(* Fix $T>0$. For $a\in\mathbb{R}$ with $aT<1$, let $k_u(a)$ denote the unique solution $k>|a|$ of $$T\sqrt{k^2-a^2}=\arccos\!\left(\frac{a}{k}\right).$$ Then $a\mapsto k_u(a)$ is decreasing and convex on $(-\infty,1/T)$, and $$\lim_{a\to-\infty}\frac{k_u(a)}{|a|}=1,\qquad \lim_{a\to 1/T}k_u(a)=\frac1T .$$
   Context: Consider the scalar retarded system $\dot x(t)=a x(t)-k x(t-T)$ with $a,k\in\mathbb{R}$ and constant delay $T>0$. For $aT<1$, the set of gains $k$ for which this system is exponentially stable is exactly the open interval $(a,k_u)$, where $k_u$ is defined as in the claim. (For $aT\ge 1$ no stabilizing $k$ exists.) *)

theory Defs
  imports "HOL-Analysis.Analysis"
begin

definition ku :: "real \<Rightarrow> real \<Rightarrow> real" where
  "ku T a = (THE k. \<bar>a\<bar> < k \<and> T * sqrt (k\<^sup>2 - a\<^sup>2) = arccos (a / k))"

end

theory Submission
  imports Defs "HOL-Real_Asymp.Real_Asymp" "HOL-Complex_Analysis.Conformal_Mappings"
begin

text \<open>
  Writing \<open>t = arccos (a / k) \<in> (0, \<pi>)\<close>, the equation says \<open>T k sin t = t\<close>, so its solutions
  are exactly the points \<open>a = t cos t / (T sin t)\<close>, \<open>k = t / (T sin t)\<close> of a curve parametrised
  by \<open>t \<in> (0, \<pi>)\<close>. Along it \<open>a\<close> decreases strictly from \<open>1/T\<close> to \<open>-\<infinity>\<close> while \<open>k\<close> increases,
  so \<open>k\<^sub>u\<close> is well defined and decreasing. Its slope
  \<open>dk/da = -(sin t - t cos t) / (t - sin t cos t)\<close> decreases in \<open>t\<close>, hence increases in \<open>a\<close>,
  which is convexity. Finally \<open>t \<rightarrow> \<pi>\<close> as \<open>a \<rightarrow> -\<infinity>\<close>, where \<open>k / |a| = -1 / cos t \<rightarrow> 1\<close>, and
  \<open>t \<rightarrow> 0\<close> as \<open>a \<rightarrow> 1/T\<close>, where \<open>k = t / (T sin t) \<rightarrow> 1/T\<close>.
\<close>

lemma DERIV_pos_imp_pos_from_zero:
  fixes f :: "real \<Rightarrow> real"
  assumes "0 < t" "f 0 = 0"
    and deriv: "\<And>x. (f has_real_derivative f' x) (at x)"
    and pos: "\<And>x. 0 < x \<Longrightarrow> x < t \<Longrightarrow> f' x > 0"
  shows "f t > 0"
proof -
  have "continuous_on {0..t} f"
    using deriv by (meson DERIV_isCont continuous_at_imp_continuous_on)
  then have "f 0 < f t"
    using deriv pos by (intro DERIV_pos_imp_increasing_open[OF \<open>0 < t\<close>]) blast+
  with \<open>f 0 = 0\<close> show ?thesis by simp
qed

lemma mult_cos_less_sin:
  assumes "0 < t" "t \<le> pi"
  shows "t * cos t < sin t"
proof -
  have "sin t - t * cos t > 0"
  proof (rule DERIV_pos_imp_pos_from_zero[OF \<open>0 < t\<close>])
    show "((\<lambda>x. sin x - x * cos x) has_real_derivative x * sin x) (at x)" for x
      by (auto intro!: derivative_eq_intros)
    show "x * sin x > 0" if "0 < x" "x < t" for x
      using that assms sin_gt_zero[of x] by simp
  qed simp
  then show ?thesis by simp
qed

lemma sin_mult_cos_less:
  assumes "0 < t" "t \<le> pi"
  shows "sin t * cos t < t"
proof -
  have "t - sin t * cos t > 0"
  proof (rule DERIV_pos_imp_pos_from_zero[OF \<open>0 < t\<close>])
    show "((\<lambda>x. x - sin x * cos x) has_real_derivative 2 * (sin x)\<^sup>2) (at x)" for x
      by (rule derivative_eq_intros refl)+ (use sin_cos_squared_add3[of x] in algebra)
    show "2 * (sin x)\<^sup>2 > 0" if "0 < x" "x < t" for x
      using that assms sin_gt_zero[of x] by simp
  qed simp
  then show ?thesis by simp
qed
(* Let $G$ be an open localic groupoid. Then its associated quantale $\mathcal O(G)$, with the structure described in the context, is a groupoid quantale over the base locale $\mathcal O(G_0)$.
   Context: A localic groupoid $G$ has locales $G_0$ (objects), $G_1$ (arrows), maps $d,r:G_1\to G_0$, $u:G_0\to G_1$, $i:G_1\to G_1$, $m:G_2\to G_1$ where $G_2$ is the pullback of $r$ and $d$; it is open if $d$ is an open map of locales (then $m$ is open). $\mathcal O(G)$ is the frame $\mathcal O(G_1)$ with multiplication given by the composite $\mathcal O(G_1)\otimes\mathcal O(G_1)\to\mathcal O(G_2)\xrightarrow{m_!}\mathcal O(G_1)$, involution $q^*=i_!(q)=i^*(q)$, actions of $A=\mathcal O(G_0)$ given by $a\triangleright q=d^*(a)\wedge q$ and $q\triangleleft a=r^*(a)\wedge q$, support $\varsigma=d_!$ and $\upsilon=u^*$. Definitions: for a locale $A$, an $A$-$A$-bimodule is a sup-lattice $M$ with actions $a\triangleright m$, $m\triangleleft a$ preserving joins in each variable with $1_A\triangleright m=m$, $(a\wedge b)\triangleright m=a\triangleright(b\triangleright m)$, $m\triangleleft1_A=m$, $m\triangleleft(a\wedge b)=(m\triangleleft a)\triangleleft b$, $(a\triangleright m)\triangleleft b=a\triangleright(m\triangleleft b)$. An $A$-$A$-quantale is such a $Q$ with associative join-preserving multiplication and $(a\triangleright x)y=a\triangleright(xy)$, $(x\triangleleft a)y=x(a\triangleright y)$, $(xy)\triangleleft a=x(y\triangleleft a)$; involutive if there is a join-preserving $x\mapsto x^*$ with $x^{**}=x$, $(xy)^*=y^*x^*$, $(a\triangleright(x\triangleleft b))^*=b\triangleright(x^*\triangleleft a)$. $1_Q$ is the top. A support is a join-preserving $\varsigma:Q\to A$ with $\varsigma(1_Q)=1_A$, $\varsigma(x)\triangleright y\le xx^*y$, $\varsigma(x)\triangleright x=x$; equivariant if $\varsigma(a\triangleright x)=a\wedge\varsigma(x)$. A based quantal frame is an involutive $A$-$A$-quantale that is a frame with $(a\triangleright x)\wedge y=a\triangleright(x\wedge y)$, $(x\triangleleft a)\wedge y=(x\wedge y)\triangleleft a$; reflexive means a frame homomorphism $\upsilon:Q\to A$ with $\upsilon(a\triangleright1_Q)=a=\upsilon(1_Q\triangleleft a)$. $Q\otimes_AQ$ is $Q\otimes Q$ modulo $x\otimes(a\triangleright y)=(x\triangleleft a)\otimes y$, $\mu_A:Q\otimes_AQ\to Q$ the induced multiplication; multiplicative means the right adjoint of $\mu_A$ preserves joins. Unit laws: $\bigvee_{xy\le a}\upsilon(x)\triangleright y=a$ for all $a$; inverse law: $\upsilon(a)\triangleright1_Q=\bigvee_{xy^*\le a}x\wedge y$ for all $a$. A groupoid quantale is a multiplicative, equivariantly supported, reflexive based quantal frame satisfying the unit laws and the inverse law. *)

theory Defs
  imports Main
begin
lemma snd_tbind:
  "d' \<in> dir t (fst (tbind t \<mu> x k)) \<Longrightarrow> tbind_dir t \<mu> x k d' = (d, e) \<Longrightarrow>
   snd (tbind t \<mu> x k) d' = snd (k (snd x d)) e"
  by (simp add: tbind_def)

lemma tbind_extensional: "snd (tbind t \<mu> x k) \<in> extensional (dir t (fst (tbind t \<mu> x k)))"
  by (simp add: tbind_def)

lemma kl_homD: "f \<in> kl_hom t A B \<Longrightarrow> f \<in> A \<rightarrow> tset t B"
  by (simp add: kl_hom_def PiE_iff)

lemma kl_hom_apply: "f \<in> kl_hom t A B \<Longrightarrow> a \<in> A \<Longrightarrow> f a \<in> tset t B"
  by (auto simp: kl_hom_def)

lemma unit_valued_eq: "(\<phi> :: 'x \<times> ('y \<Rightarrow> 'z \<Rightarrow> unit)) = (fst \<phi>, \<lambda>_ _. ())"
  by (simp add: prod_eq_iff fun_eq_iff)

lemma pos_hT: "\<phi> \<in> pos (hT t A B) \<longleftrightarrow> fst \<phi> \<in> kl_hom t A B"
proof -
  have "is_pmor (linear A) (ctri t (linear B)) \<phi> \<longleftrightarrow> fst \<phi> \<in> A \<rightarrow> tset t B"
    by (auto simp: is_pmor_def tset_def)
  moreover have "canon (linear A) (ctri t (linear B)) \<phi> = \<phi> \<longleftrightarrow> fst \<phi> \<in> extensional A"
    by (subst (2) unit_valued_eq) (auto simp: canon_def fun_eq_iff extensional_def restrict_def)
  ultimately show ?thesis
    by (auto simp: hT_def ihom_def pos_def homset_def kl_hom_def PiE_def)
qed

lemma dir_hT: "dir (hT t A B) \<phi> = Sigma A (\<lambda>a. dir t (fst (fst \<phi> a)) \<times> {()})"
  by (simp add: hT_def ihom_def dir_def[of "(_,_)"] dir_ctri)

lemma homset_yy: "x \<in> homset yy h \<longleftrightarrow> fst x () \<in> pos h"
proof -
  have "canon yy h x = x"
    by (auto simp: canon_def prod_eq_iff fun_eq_iff restrict_def)
  then show ?thesis by (auto simp: homset_def is_pmor_def)
qed

lemma enr_id_pos: "fst (enr_id t \<eta> A) () = (kl_unit t \<eta> A, \<lambda>_ _. ())"
proof -
  have "restrict (fst (pmor_comp tri_lunit_inv (ctri_mor t \<eta> pid))) A = kl_unit t \<eta> A"
    by (simp add: kl_unit_def pmor_comp_def tri_lunit_inv_def ctri_mor_def pid_def)
  then show ?thesis
    by (simp add: enr_id_def canon_def fun_eq_iff)
qed

definition enr_comp :: "('i,'d) poly \<Rightarrow> ('i \<times> ('d \<Rightarrow> 'i), 'd \<times> 'd, 'i, 'd) pmor \<Rightarrow> 'a set \<Rightarrow>
    (('a, unit, 'i \<times> ('d \<Rightarrow> 'a), 'd \<times> unit) pmor \<times> ('a, unit, 'i \<times> ('d \<Rightarrow> 'a), 'd \<times> unit) pmor,
     ('a \<times> 'd \<times> unit) \<times> ('a \<times> 'd \<times> unit),
     ('a, unit, 'i \<times> ('d \<Rightarrow> 'a), 'd \<times> unit) pmor, 'a \<times> 'd \<times> unit) pmor"
  where "enr_comp t \<mu> A =
    (\<lambda>(\<phi>,\<psi>). (kl_comp t \<mu> A (fst \<phi>) (fst \<psi>), \<lambda>_ _. ()),
     \<lambda>(\<phi>,\<psi>) (a,(d',_)). case tbind_dir t \<mu> (fst \<phi> a) (fst \<psi>) d' of
        (d, e) \<Rightarrow> ((a, (d, ())), (snd (fst \<phi> a) d, (e, ()))))"

lemma fst_enr_comp: "fst (enr_comp t \<mu> A) (\<phi>,\<psi>) = (kl_comp t \<mu> A (fst \<phi>) (fst \<psi>), \<lambda>_ _. ())"
  by (simp add: enr_comp_def)

lemma snd_enr_comp:
  "snd (enr_comp t \<mu> A) (\<phi>,\<psi>) (a,(d',u)) = (case tbind_dir t \<mu> (fst \<phi> a) (fst \<psi>) d' of
     (d, e) \<Rightarrow> ((a, (d, ())), (snd (fst \<phi> a) d, (e, ()))))"
  by (simp add: enr_comp_def)

section \<open>Consequences of the monad laws\<close>

context
  fixes t :: "('i,'d) poly" and \<eta> :: "(unit, unit, 'i, 'd) pmor"
    and \<mu> :: "('i \<times> ('d \<Rightarrow> 'i), 'd \<times> 'd, 'i, 'd) pmor"
  assumes monad: "poly_monad t \<eta> \<mu>"
begin

lemma unit_pos: "fst \<eta> () \<in> pos t"
  using monad by (simp add: poly_monad_def is_pmor_def)

lemma mult_pos: "i \<in> pos t \<Longrightarrow> F \<in> dir t i \<rightarrow>\<^sub>E pos t \<Longrightarrow> fst \<mu> (i,F) \<in> pos t"
  using monad by (auto simp: poly_monad_def is_pmor_def pos_ctri)

lemma mult_dir:
  "i \<in> pos t \<Longrightarrow> F \<in> dir t i \<rightarrow>\<^sub>E pos t \<Longrightarrow> x \<in> dir t (fst \<mu> (i,F)) \<Longrightarrow>
   snd \<mu> (i,F) x \<in> Sigma (dir t i) (\<lambda>d. dir t (F d))"
  using monad by (auto simp: poly_monad_def is_pmor_def pos_ctri dir_ctri)

lemma mult_unit_left:
  assumes "j \<in> pos t"
  shows "fst \<mu> (fst \<eta> (), \<lambda>_\<in>dir t (fst \<eta> ()). j) = j"
    and "x \<in> dir t j \<Longrightarrow> snd (snd \<mu> (fst \<eta> (), \<lambda>_\<in>dir t (fst \<eta> ()). j) x) = x"
proof -
  have law: "pmor_eq (ctri yy t) t (pmor_comp (ctri_mor t \<eta> pid) \<mu>) tri_lunit"
    using monad by (simp add: poly_monad_def)
  have pos: "((), \<lambda>_\<in>{()}. j) \<in> pos (ctri yy t)"
    using assms by (simp add: pos_ctri)
  from pmor_eqD(1)[OF law pos] show pos_eq: "fst \<mu> (fst \<eta> (), \<lambda>_\<in>dir t (fst \<eta> ()). j) = j"
    by (simp add: pmor_comp_def ctri_mor_def pid_def tri_lunit_def)
  show "snd (snd \<mu> (fst \<eta> (), \<lambda>_\<in>dir t (fst \<eta> ()). j) x) = x" if "x \<in> dir t j"
    using pmor_eqD(2)[OF law pos, of x] that pos_eq
    by (simp add: pmor_comp_def ctri_mor_def pid_def tri_lunit_def split_beta)
qed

· · · ·

- _WORK INSTRUCTION_: Beginning at the line with "(d, e) \<Longrightarrow>" and ending at the line with "B \<Longrightarrow> a", reproduce each line of the data above exactly, and add no other lines.

- _ANSWER SECTION_:
  "d' \<in> dir t (fst (tbind t \<mu> x k)) \<Longrightarrow> tbind_dir t \<mu> x k d' = (d, e) \<Longrightarrow>
   snd (tbind t \<mu> x k) d' = snd (k (snd x d)) e"
  by (simp add: tbind_def)

lemma tbind_extensional: "snd (tbind t \<mu> x k) \<in> extensional (dir t (fst (tbind t \<mu> x k)))"
  by (simp add: tbind_def)

lemma kl_homD: "f \<in> kl_hom t A B \<Longrightarrow> f \<in> A \<rightarrow> tset t B"
  by (simp add: kl_hom_def PiE_iff)

lemma kl_hom_apply: "f \<in> kl_hom t A B \<Longrightarrow> a \<in> A \<Longrightarrow> f a \<in> tset t B"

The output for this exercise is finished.